Instructions to follow:
Starting at the top of the entries below, print each line exactly until the line with "half is at most" has been printed too.

(Supplied material)

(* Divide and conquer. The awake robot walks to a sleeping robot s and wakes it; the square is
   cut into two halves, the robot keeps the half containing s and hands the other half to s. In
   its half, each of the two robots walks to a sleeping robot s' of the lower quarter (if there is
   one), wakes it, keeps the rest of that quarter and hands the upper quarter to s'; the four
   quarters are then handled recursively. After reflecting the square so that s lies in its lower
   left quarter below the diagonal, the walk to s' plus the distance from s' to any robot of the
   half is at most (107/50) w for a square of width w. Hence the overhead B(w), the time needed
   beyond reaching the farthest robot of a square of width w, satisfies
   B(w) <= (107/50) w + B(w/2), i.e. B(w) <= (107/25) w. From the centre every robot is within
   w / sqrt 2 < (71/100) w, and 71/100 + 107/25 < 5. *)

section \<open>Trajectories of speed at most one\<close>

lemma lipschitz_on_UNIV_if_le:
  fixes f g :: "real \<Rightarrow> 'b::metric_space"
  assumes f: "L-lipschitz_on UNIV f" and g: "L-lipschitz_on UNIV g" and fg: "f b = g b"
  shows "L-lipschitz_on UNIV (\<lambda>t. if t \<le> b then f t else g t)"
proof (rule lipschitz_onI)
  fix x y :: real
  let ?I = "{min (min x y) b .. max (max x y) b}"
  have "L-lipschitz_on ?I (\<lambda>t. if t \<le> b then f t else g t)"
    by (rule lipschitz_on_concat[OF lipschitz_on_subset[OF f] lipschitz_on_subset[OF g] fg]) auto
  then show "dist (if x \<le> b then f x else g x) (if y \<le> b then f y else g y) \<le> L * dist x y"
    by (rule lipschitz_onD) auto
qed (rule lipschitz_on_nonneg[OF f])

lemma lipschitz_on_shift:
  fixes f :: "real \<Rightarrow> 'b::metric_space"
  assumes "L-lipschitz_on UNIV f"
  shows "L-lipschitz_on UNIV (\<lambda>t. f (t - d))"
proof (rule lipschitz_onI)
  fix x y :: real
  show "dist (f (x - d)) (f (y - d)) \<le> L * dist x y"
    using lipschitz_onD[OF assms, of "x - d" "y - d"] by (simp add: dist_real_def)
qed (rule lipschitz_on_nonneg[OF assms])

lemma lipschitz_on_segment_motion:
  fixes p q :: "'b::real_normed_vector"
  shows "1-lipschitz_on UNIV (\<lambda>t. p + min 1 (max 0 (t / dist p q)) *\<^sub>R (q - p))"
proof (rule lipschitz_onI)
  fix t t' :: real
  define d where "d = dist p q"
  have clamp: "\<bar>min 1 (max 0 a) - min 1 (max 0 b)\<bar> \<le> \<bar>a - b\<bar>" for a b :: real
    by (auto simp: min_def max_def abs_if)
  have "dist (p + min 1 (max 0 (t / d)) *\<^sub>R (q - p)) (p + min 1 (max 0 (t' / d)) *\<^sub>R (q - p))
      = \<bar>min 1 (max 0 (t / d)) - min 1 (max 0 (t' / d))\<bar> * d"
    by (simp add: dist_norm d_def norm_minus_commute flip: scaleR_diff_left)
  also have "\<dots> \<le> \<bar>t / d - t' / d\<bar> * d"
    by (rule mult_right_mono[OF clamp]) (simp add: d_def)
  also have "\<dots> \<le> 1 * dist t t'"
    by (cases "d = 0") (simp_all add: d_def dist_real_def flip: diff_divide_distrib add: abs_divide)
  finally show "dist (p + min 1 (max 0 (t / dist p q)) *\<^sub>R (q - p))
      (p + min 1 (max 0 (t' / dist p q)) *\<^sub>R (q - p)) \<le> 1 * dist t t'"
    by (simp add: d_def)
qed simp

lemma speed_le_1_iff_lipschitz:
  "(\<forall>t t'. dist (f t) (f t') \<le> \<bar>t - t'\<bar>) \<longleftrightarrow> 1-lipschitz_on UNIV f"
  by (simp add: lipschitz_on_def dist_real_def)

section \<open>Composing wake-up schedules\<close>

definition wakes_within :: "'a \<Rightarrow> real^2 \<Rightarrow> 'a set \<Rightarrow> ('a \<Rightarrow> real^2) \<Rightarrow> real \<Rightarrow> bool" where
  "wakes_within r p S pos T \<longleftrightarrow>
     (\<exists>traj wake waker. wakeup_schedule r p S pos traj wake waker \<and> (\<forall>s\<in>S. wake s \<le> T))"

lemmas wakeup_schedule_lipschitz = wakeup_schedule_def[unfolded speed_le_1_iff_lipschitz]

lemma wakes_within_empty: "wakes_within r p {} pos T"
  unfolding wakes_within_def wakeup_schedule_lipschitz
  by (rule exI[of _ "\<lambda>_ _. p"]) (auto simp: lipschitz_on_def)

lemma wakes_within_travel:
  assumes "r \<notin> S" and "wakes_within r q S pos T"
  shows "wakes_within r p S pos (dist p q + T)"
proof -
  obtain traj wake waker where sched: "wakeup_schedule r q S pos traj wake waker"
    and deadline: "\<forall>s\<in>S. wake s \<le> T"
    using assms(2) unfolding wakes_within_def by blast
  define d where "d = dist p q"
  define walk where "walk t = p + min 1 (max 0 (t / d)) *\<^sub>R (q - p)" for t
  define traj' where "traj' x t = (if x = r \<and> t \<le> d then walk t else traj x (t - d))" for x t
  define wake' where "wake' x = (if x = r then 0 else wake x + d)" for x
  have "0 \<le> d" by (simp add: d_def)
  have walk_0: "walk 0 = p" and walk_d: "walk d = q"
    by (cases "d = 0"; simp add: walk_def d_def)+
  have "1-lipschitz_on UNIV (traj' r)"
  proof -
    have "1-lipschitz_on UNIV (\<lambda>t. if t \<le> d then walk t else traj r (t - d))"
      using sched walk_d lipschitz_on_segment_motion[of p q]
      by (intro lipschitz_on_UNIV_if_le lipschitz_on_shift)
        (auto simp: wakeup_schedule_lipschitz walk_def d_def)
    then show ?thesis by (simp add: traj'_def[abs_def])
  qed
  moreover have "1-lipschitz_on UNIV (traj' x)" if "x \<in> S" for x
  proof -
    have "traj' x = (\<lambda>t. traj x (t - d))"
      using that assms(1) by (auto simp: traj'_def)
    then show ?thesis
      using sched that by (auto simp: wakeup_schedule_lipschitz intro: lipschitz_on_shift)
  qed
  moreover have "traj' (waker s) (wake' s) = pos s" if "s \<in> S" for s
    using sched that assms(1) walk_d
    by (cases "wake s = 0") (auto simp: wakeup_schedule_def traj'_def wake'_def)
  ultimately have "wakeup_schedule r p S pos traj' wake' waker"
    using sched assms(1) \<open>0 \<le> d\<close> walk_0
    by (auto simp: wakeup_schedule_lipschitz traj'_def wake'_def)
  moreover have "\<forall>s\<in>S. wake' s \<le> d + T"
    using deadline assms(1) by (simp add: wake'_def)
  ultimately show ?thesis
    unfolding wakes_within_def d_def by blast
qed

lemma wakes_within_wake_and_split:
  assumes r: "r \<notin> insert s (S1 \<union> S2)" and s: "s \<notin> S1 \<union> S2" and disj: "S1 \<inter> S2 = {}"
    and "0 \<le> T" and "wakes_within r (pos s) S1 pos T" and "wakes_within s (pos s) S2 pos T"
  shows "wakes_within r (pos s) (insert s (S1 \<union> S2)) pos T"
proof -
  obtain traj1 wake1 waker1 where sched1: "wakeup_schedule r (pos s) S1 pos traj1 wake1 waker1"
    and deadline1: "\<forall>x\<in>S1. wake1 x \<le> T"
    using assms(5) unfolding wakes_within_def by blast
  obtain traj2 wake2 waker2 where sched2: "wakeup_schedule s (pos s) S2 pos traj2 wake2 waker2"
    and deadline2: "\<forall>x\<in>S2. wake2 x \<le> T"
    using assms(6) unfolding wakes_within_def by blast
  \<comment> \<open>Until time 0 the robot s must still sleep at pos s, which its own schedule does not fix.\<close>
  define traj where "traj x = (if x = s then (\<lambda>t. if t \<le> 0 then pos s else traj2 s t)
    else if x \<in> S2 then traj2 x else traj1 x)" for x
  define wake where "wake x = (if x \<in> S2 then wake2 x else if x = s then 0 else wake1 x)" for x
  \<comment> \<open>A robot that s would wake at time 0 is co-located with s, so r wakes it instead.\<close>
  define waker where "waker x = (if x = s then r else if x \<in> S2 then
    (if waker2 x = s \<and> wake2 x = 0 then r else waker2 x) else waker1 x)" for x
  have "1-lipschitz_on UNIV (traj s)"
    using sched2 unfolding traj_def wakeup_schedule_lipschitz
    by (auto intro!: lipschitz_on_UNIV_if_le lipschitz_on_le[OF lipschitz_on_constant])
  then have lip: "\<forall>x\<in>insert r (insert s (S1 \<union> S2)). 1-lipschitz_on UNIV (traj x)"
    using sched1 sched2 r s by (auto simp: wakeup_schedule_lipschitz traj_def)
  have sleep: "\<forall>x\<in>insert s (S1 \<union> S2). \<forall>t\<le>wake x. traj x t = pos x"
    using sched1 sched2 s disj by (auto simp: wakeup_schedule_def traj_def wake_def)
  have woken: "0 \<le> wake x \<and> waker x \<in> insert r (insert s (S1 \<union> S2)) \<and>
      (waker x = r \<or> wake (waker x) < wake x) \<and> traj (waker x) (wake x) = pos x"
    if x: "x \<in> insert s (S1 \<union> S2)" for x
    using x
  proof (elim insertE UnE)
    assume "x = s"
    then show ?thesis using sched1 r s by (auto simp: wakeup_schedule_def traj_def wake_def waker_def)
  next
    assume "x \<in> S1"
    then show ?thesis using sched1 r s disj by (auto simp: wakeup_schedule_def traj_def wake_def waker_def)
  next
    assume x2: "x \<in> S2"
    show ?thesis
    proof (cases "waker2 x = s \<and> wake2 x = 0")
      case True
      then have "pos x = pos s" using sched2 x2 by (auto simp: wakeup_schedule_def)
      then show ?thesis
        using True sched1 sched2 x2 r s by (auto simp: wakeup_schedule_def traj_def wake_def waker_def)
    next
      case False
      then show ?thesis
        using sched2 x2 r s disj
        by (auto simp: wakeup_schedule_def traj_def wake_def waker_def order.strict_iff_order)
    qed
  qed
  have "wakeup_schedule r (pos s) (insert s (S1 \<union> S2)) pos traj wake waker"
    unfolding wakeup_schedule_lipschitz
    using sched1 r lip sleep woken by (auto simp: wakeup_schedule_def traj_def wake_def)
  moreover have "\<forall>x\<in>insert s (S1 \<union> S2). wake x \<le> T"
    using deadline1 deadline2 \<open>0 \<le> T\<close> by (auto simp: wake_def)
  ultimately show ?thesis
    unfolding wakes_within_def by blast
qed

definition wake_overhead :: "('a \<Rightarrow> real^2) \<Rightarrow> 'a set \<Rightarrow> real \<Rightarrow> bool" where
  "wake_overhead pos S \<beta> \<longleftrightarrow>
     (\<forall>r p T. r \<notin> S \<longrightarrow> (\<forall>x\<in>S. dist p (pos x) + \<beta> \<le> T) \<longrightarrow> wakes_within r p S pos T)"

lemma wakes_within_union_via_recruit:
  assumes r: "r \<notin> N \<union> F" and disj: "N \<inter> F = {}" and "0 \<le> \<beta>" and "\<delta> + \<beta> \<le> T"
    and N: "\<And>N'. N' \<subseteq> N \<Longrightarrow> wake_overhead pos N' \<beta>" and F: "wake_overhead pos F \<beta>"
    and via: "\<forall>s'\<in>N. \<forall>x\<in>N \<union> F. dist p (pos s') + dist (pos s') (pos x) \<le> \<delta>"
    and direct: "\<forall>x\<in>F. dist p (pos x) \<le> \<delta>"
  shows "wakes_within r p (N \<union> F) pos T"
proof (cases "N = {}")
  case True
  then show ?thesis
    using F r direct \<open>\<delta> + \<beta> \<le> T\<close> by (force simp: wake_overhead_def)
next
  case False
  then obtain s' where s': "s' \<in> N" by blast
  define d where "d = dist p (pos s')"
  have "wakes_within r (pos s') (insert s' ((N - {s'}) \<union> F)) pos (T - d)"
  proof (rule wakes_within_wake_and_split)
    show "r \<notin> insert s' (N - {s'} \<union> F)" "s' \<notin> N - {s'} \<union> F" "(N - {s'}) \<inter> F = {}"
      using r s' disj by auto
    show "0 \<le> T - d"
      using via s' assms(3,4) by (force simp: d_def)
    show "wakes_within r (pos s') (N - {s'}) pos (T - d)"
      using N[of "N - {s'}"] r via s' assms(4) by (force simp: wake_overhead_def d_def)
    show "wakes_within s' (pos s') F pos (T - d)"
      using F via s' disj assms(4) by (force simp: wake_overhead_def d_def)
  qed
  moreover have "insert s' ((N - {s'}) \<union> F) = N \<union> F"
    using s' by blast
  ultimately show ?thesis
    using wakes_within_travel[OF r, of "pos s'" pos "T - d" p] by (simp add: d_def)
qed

(End Supplied material)

Exercise solution:
(* Divide and conquer. The awake robot walks to a sleeping robot s and wakes it; the square is
   cut into two halves, the robot keeps the half containing s and hands the other half to s. In
   its half, each of the two robots walks to a sleeping robot s' of the lower quarter (if there is
   one), wakes it, keeps the rest of that quarter and hands the upper quarter to s'; the four
   quarters are then handled recursively. After reflecting the square so that s lies in its lower
   left quarter below the diagonal, the walk to s' plus the distance from s' to any robot of the
   half is at most (107/50) w for a square of width w. Hence the overhead B(w), the time needed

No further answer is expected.